For six years, iMacs have set the standard for the PC industry with eye-popping designs, clever utilization of space and leaps forward in usability. Lately, though, Apple Computer Inc. seems to be making more waves with iPod music players than its venerable consumer PCs.
But fear not, Apple fans and design aficionados.
The iMac line whose debut machine looked like a giant egg, and that later morphed into something resembling a table lamp, now has a third generation. It looks sort of like an oversized iPod.
The iMac G5 is Apple's most streamlined and polished design yet, squeezing all the innards into a white plastic flat-panel display. It distances Apple even further from the bulk of Windows-based PC world, where variations of gray, beige and black are all too common.

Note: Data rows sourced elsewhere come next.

(* Let $X$ and $Y$ be compact Hausdorff spaces, and let $E\subseteq C(X)$ and $F\subseteq C(Y)$ be Riesz subspaces, dense for the supremum norm, containing the respective constant functions. Let $G_1,G_2$ be Archimedean Riesz spaces and $\phi_i:E\times F\to G_i$ ($i=1,2$) be bi-injective Riesz bimorphisms. For $i=1,2$ let $E\overline{\otimes}_{\phi_i}F$ denote the Riesz subspace of $G_i$ generated by $\phi_i(E\times F)$. Then there is a unique Riesz isomorphism $T:E\overline{\otimes}_{\phi_1}F\to E\overline{\otimes}_{\phi_2}F$ such that $T\circ\phi_1=\phi_2$.
   Context: A linear map $T$ between Riesz spaces is a Riesz homomorphism if $T(x\vee y)=Tx\vee Ty$; a Riesz isomorphism is a bijective Riesz homomorphism. A bilinear map $\phi:E\times F\to G$ is a Riesz bimorphism if $\phi(\cdot,y)$ is a Riesz homomorphism for every $y\in F_+$ and $\phi(x,\cdot)$ is a Riesz homomorphism for every $x\in E_+$. $\phi$ is bi-injective if $\phi(x,y)=0$ implies $x=0$ or $y=0$. *)

theory Defs
  imports "HOL-Analysis.Analysis"
begin

definition Cfun :: "'a topology \<Rightarrow> ('a \<Rightarrow> real) set" where
  "Cfun X = {f. continuous_map X euclideanreal f \<and> (\<forall>x. x \<notin> topspace X \<longrightarrow> f x = 0)}"

definition const_on :: "'a topology \<Rightarrow> real \<Rightarrow> ('a \<Rightarrow> real)" where
  "const_on X c = (\<lambda>x. if x \<in> topspace X then c else 0)"

definition riesz_subspace_C :: "'a topology \<Rightarrow> ('a \<Rightarrow> real) set \<Rightarrow> bool" where
  "riesz_subspace_C X E \<longleftrightarrow> E \<subseteq> Cfun X \<and> (\<lambda>x. 0) \<in> E \<and>
     (\<forall>f\<in>E. \<forall>g\<in>E. (\<lambda>x. f x + g x) \<in> E) \<and>
     (\<forall>c. \<forall>f\<in>E. (\<lambda>x. c * f x) \<in> E) \<and>
     (\<forall>f\<in>E. \<forall>g\<in>E. (\<lambda>x. max (f x) (g x)) \<in> E)"

definition sup_dense_C :: "'a topology \<Rightarrow> ('a \<Rightarrow> real) set \<Rightarrow> bool" where
  "sup_dense_C X E \<longleftrightarrow> (\<forall>f\<in>Cfun X. \<forall>\<epsilon>>0. \<exists>g\<in>E. \<forall>x\<in>topspace X. \<bar>f x - g x\<bar> < \<epsilon>)"

definition archimedean_riesz :: "'g::{ordered_real_vector,lattice} itself \<Rightarrow> bool" where
  "archimedean_riesz _ \<longleftrightarrow>
     (\<forall>x y::'g. 0 \<le> x \<and> (\<forall>n::nat. real n *\<^sub>R x \<le> y) \<longrightarrow> x = 0)"

definition riesz_subspace :: "'g::{ordered_real_vector,lattice} set \<Rightarrow> bool" where
  "riesz_subspace S \<longleftrightarrow> 0 \<in> S \<and> (\<forall>x\<in>S. \<forall>y\<in>S. x + y \<in> S) \<and>
     (\<forall>c. \<forall>x\<in>S. c *\<^sub>R x \<in> S) \<and> (\<forall>x\<in>S. \<forall>y\<in>S. sup x y \<in> S)"

definition riesz_span :: "'g::{ordered_real_vector,lattice} set \<Rightarrow> 'g set" where
  "riesz_span A = \<Inter>{S. riesz_subspace S \<and> A \<subseteq> S}"

definition riesz_hom_on :: "'g::{ordered_real_vector,lattice} set \<Rightarrow> ('g \<Rightarrow> 'h::{ordered_real_vector,lattice}) \<Rightarrow> bool" where
  "riesz_hom_on S T \<longleftrightarrow> (\<forall>x\<in>S. \<forall>y\<in>S. T (x + y) = T x + T y) \<and>
     (\<forall>c. \<forall>x\<in>S. T (c *\<^sub>R x) = c *\<^sub>R T x) \<and>
     (\<forall>x\<in>S. \<forall>y\<in>S. T (sup x y) = sup (T x) (T y))"

definition riesz_iso_on :: "'g::{ordered_real_vector,lattice} set \<Rightarrow> 'h::{ordered_real_vector,lattice} set \<Rightarrow> ('g \<Rightarrow> 'h) \<Rightarrow> bool" where
  "riesz_iso_on S S' T \<longleftrightarrow> riesz_hom_on S T \<and> bij_betw T S S'"

definition riesz_bimorphism ::
  "('a \<Rightarrow> real) set \<Rightarrow> ('b \<Rightarrow> real) set \<Rightarrow> (('a \<Rightarrow> real) \<Rightarrow> ('b \<Rightarrow> real) \<Rightarrow> 'g::{ordered_real_vector,lattice}) \<Rightarrow> bool" where
  "riesz_bimorphism E F \<phi> \<longleftrightarrow>
     (\<forall>y\<in>F. (\<forall>f\<in>E. \<forall>g\<in>E. \<phi> (\<lambda>t. f t + g t) y = \<phi> f y + \<phi> g y) \<and>
             (\<forall>c. \<forall>f\<in>E. \<phi> (\<lambda>t. c * f t) y = c *\<^sub>R \<phi> f y)) \<and>
     (\<forall>x\<in>E. (\<forall>f\<in>F. \<forall>g\<in>F. \<phi> x (\<lambda>t. f t + g t) = \<phi> x f + \<phi> x g) \<and>
             (\<forall>c. \<forall>f\<in>F. \<phi> x (\<lambda>t. c * f t) = c *\<^sub>R \<phi> x f)) \<and>
     (\<forall>y\<in>F. (\<forall>t. 0 \<le> y t) \<longrightarrow>
        (\<forall>f\<in>E. \<forall>g\<in>E. \<phi> (\<lambda>t. max (f t) (g t)) y = sup (\<phi> f y) (\<phi> g y))) \<and>
     (\<forall>x\<in>E. (\<forall>t. 0 \<le> x t) \<longrightarrow>
        (\<forall>f\<in>F. \<forall>g\<in>F. \<phi> x (\<lambda>t. max (f t) (g t)) = sup (\<phi> x f) (\<phi> x g)))"

definition bi_injective ::
  "('a \<Rightarrow> real) set \<Rightarrow> ('b \<Rightarrow> real) set \<Rightarrow> (('a \<Rightarrow> real) \<Rightarrow> ('b \<Rightarrow> real) \<Rightarrow> 'g::{ordered_real_vector,lattice}) \<Rightarrow> bool" where
  "bi_injective E F \<phi> \<longleftrightarrow>
     (\<forall>x\<in>E. \<forall>y\<in>F. \<phi> x y = 0 \<longrightarrow> x = (\<lambda>t. 0) \<or> y = (\<lambda>t. 0))"

end

(*
  Riesz terms over the generators E x F (built with +, scalar multiplication and sup) describe
  the Riesz subspace generated by phi (E x F). For a bi-injective Riesz bimorphism phi into an
  Archimedean Riesz space, the value t(phi) of a term is >= 0 iff the real function
  (s, u) |-> t(x s * y u) is >= 0 everywhere. Hence t(phi1) = 0 iff t(phi2) = 0, which makes
  t(phi1) |-> t(phi2) a well-defined Riesz isomorphism; it is unique because Riesz homomorphisms
  that agree on generators agree on the generated Riesz subspace.

  If t(x s * y u) >= 0 everywhere, replace every second argument y by a step function
  sum_J y(p J) * h J with pairwise disjoint h J in F. On disjointly supported functions phi
  turns sups of sums into sums of sups, so the modified term is a sum of values phi g (h J)
  with g >= 0 pointwise, hence >= 0. Replacing the generators changes t(phi) by at most a
  Lipschitz constant of t times phi M e, where e is the pointwise error of the step functions.
  For N grids shifted against each other these errors add up to a function bounded
  independently of N, since a point lies near the grid for at most as many shifts as there are
  generators. Thus N t(phi) >= - C phi 1 1 for all N, and the Archimedean property gives
  t(phi) >= 0. Conversely, if t(x s0 * y u0) < 0, bumps p at s0 and q at u0 make the term
  K * (-t)^+ - p * q pointwise nonnegative, so 0 <= phi p q <= K * (-t(phi))^+ = 0,
  contradicting bi-injectivity.
*)
theory Submission
  imports Defs "HOL-Library.Lattice_Algebras"
begin

section \<open>Lattice-ordered vector spaces\<close>

interpretation riesz: lattice_ab_group_add "(+)" "0 :: 'g::{ordered_real_vector,lattice}" "(-)" uminus
    "(\<le>)" "(<)" inf sup
  by unfold_locales

definition riesz_abs :: "'g::{ordered_real_vector,lattice} \<Rightarrow> 'g" where
  "riesz_abs v = sup v (- v)"

lemma riesz_abs_ge: "v \<le> riesz_abs v" "- v \<le> riesz_abs v"
  by (simp_all add: riesz_abs_def)

lemma riesz_abs_le_iff: "riesz_abs v \<le> d \<longleftrightarrow> v \<le> d \<and> - v \<le> d"
  by (simp add: riesz_abs_def)

lemma riesz_abs_real [simp]: "riesz_abs (v::real) = \<bar>v\<bar>"
  by (simp add: riesz_abs_def sup_max abs_if)

lemma riesz_abs_nonneg: "0 \<le> riesz_abs v"
proof -
  have "v + - v \<le> riesz_abs v + riesz_abs v"
    by (intro add_mono riesz_abs_ge)
  then show ?thesis
    by (simp add: riesz.zero_le_double_add_iff_zero_le_single_add)
qed

lemma riesz_abs_minus_commute: "riesz_abs (a - b) = riesz_abs (b - a)"
  by (simp add: riesz_abs_def sup_commute)

lemma riesz_abs_triangle: "riesz_abs (a + b) \<le> riesz_abs a + riesz_abs b"
proof -
  have "a + b \<le> riesz_abs a + riesz_abs b" "- a + - b \<le> riesz_abs a + riesz_abs b"
    by (intro add_mono riesz_abs_ge)+
  then show ?thesis
    by (simp add: riesz_abs_le_iff add.commute)
qed

lemma riesz_abs_scaleR_le: "riesz_abs (c *\<^sub>R v) \<le> \<bar>c\<bar> *\<^sub>R riesz_abs v"
proof -
  have "\<bar>c\<bar> *\<^sub>R v \<le> \<bar>c\<bar> *\<^sub>R riesz_abs v" "- (\<bar>c\<bar> *\<^sub>R v) \<le> \<bar>c\<bar> *\<^sub>R riesz_abs v"
    using scaleR_left_mono[OF riesz_abs_ge(1), of "\<bar>c\<bar>"]
      scaleR_left_mono[OF riesz_abs_ge(2), of "\<bar>c\<bar>"] by simp_all
  then show ?thesis
    by (cases "0 \<le> c") (auto simp: riesz_abs_le_iff)
qed

lemma sup_diff_le_riesz_abs:
  assumes "riesz_abs (a - a') \<le> d" "riesz_abs (b - b') \<le> d"
  shows "sup a b - sup a' b' \<le> d"
proof -
  have "a \<le> a' + d" "b \<le> b' + d"
    using assms by (auto simp: riesz_abs_le_iff algebra_simps)
  then have "sup a b \<le> sup a' b' + d"
    by (meson add_right_mono order_trans sup.cobounded1 sup.cobounded2 sup_least)
  then show ?thesis
    by (simp only: diff_le_eq add.commute)
qed

lemma riesz_abs_sup_diff_le:
  "riesz_abs (sup a b - sup a' b') \<le> riesz_abs (a - a') + riesz_abs (b - b')"
proof -
  let ?d = "riesz_abs (a - a') + riesz_abs (b - b')"
  have "riesz_abs (a - a') \<le> ?d" "riesz_abs (b - b') \<le> ?d"
    by (simp_all add: riesz_abs_nonneg add_increasing add_increasing2)
  then have "sup a b - sup a' b' \<le> ?d" "sup a' b' - sup a b \<le> ?d"
    by (intro sup_diff_le_riesz_abs; simp add: riesz_abs_minus_commute)+
  then show ?thesis
    unfolding riesz_abs_le_iff minus_diff_eq by blast
qed

lemma inf_add_le_add_inf:
  fixes a b c :: "'g::{ordered_real_vector,lattice}"
  assumes "0 \<le> a" "0 \<le> b" "0 \<le> c"
  shows "inf (a + b) c \<le> inf a c + inf b c"
proof -
  have "inf a c + inf b c = inf (inf (a + b) (a + c)) (inf (c + b) (c + c))"
    by (simp add: riesz.add_inf_distrib_left riesz.add_inf_distrib_right inf_aci)
  moreover have "inf (a + b) c \<le> inf (inf (a + b) (a + c)) (inf (c + b) (c + c))"
    using assms by (auto intro: inf.coboundedI2 add_increasing add_increasing2)
  ultimately show ?thesis
    by simp
qed

lemma inf_sum_le_sum_inf:
  fixes a :: "'i \<Rightarrow> 'g::{ordered_real_vector,lattice}"
  assumes "\<And>i. i \<in> I \<Longrightarrow> 0 \<le> a i" "0 \<le> c"
  shows "inf (\<Sum>i\<in>I. a i) c \<le> (\<Sum>i\<in>I. inf (a i) c)"
  using assms(1)
proof (induction I rule: infinite_finite_induct)
  case (insert j I)
  have "inf (\<Sum>i\<in>insert j I. a i) c \<le> inf (a j) c + inf (\<Sum>i\<in>I. a i) c"
    using insert assms(2) by (simp add: inf_add_le_add_inf sum_nonneg)
  also have "\<dots> \<le> inf (a j) c + (\<Sum>i\<in>I. inf (a i) c)"
    using insert by (simp add: add_left_mono)
  finally show ?case
    using insert by simp
qed (simp_all add: assms(2))

lemma inf_sum_sum_eq_0:
  fixes a :: "'i \<Rightarrow> 'g::{ordered_real_vector,lattice}" and b :: "'j \<Rightarrow> 'g"
  assumes "\<And>i. i \<in> I \<Longrightarrow> 0 \<le> a i" "\<And>j. j \<in> J \<Longrightarrow> 0 \<le> b j"
    and "\<And>i j. i \<in> I \<Longrightarrow> j \<in> J \<Longrightarrow> inf (a i) (b j) = 0"
  shows "inf (\<Sum>i\<in>I. a i) (\<Sum>j\<in>J. b j) = 0"
proof (rule antisym)
  have "inf (\<Sum>i\<in>I. a i) (\<Sum>j\<in>J. b j) \<le> (\<Sum>i\<in>I. inf (a i) (\<Sum>j\<in>J. b j))"
    using assms(1,2) by (intro inf_sum_le_sum_inf) (auto intro: sum_nonneg)
  also have "\<dots> \<le> (\<Sum>i\<in>I. \<Sum>j\<in>J. inf (b j) (a i))"
  proof (rule sum_mono)
    fix i assume "i \<in> I"
    then show "inf (a i) (\<Sum>j\<in>J. b j) \<le> (\<Sum>j\<in>J. inf (b j) (a i))"
      unfolding inf_commute[of "a i"] using assms(1,2) by (intro inf_sum_le_sum_inf) auto
  qed
  also have "\<dots> = 0"
    using assms(3) by (simp add: inf_commute)
  finally show "inf (\<Sum>i\<in>I. a i) (\<Sum>j\<in>J. b j) \<le> 0" .
  show "0 \<le> inf (\<Sum>i\<in>I. a i) (\<Sum>j\<in>J. b j)"
    using assms(1,2) by (simp add: sum_nonneg)
qed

Still, style alone does not a great computer make. Though Apple uses its most capable processor ever, it skimps on memory and other extras. Out of the box, a new iMac is an incomplete masterpiece.
You can finish the job, but it's going to cost you.
The default configurations range between $1,299 for an iMac with a 1.6 gigahertz processor and $1,899 for a 1.8 GHz system. To finish the job, you'll have to shell out $75 to double the memory to 512 megabytes; $80 for Apple's Wi-Fi card; $50 for Bluetooth; and $70 each for a wireless keyboard and single-button mouse.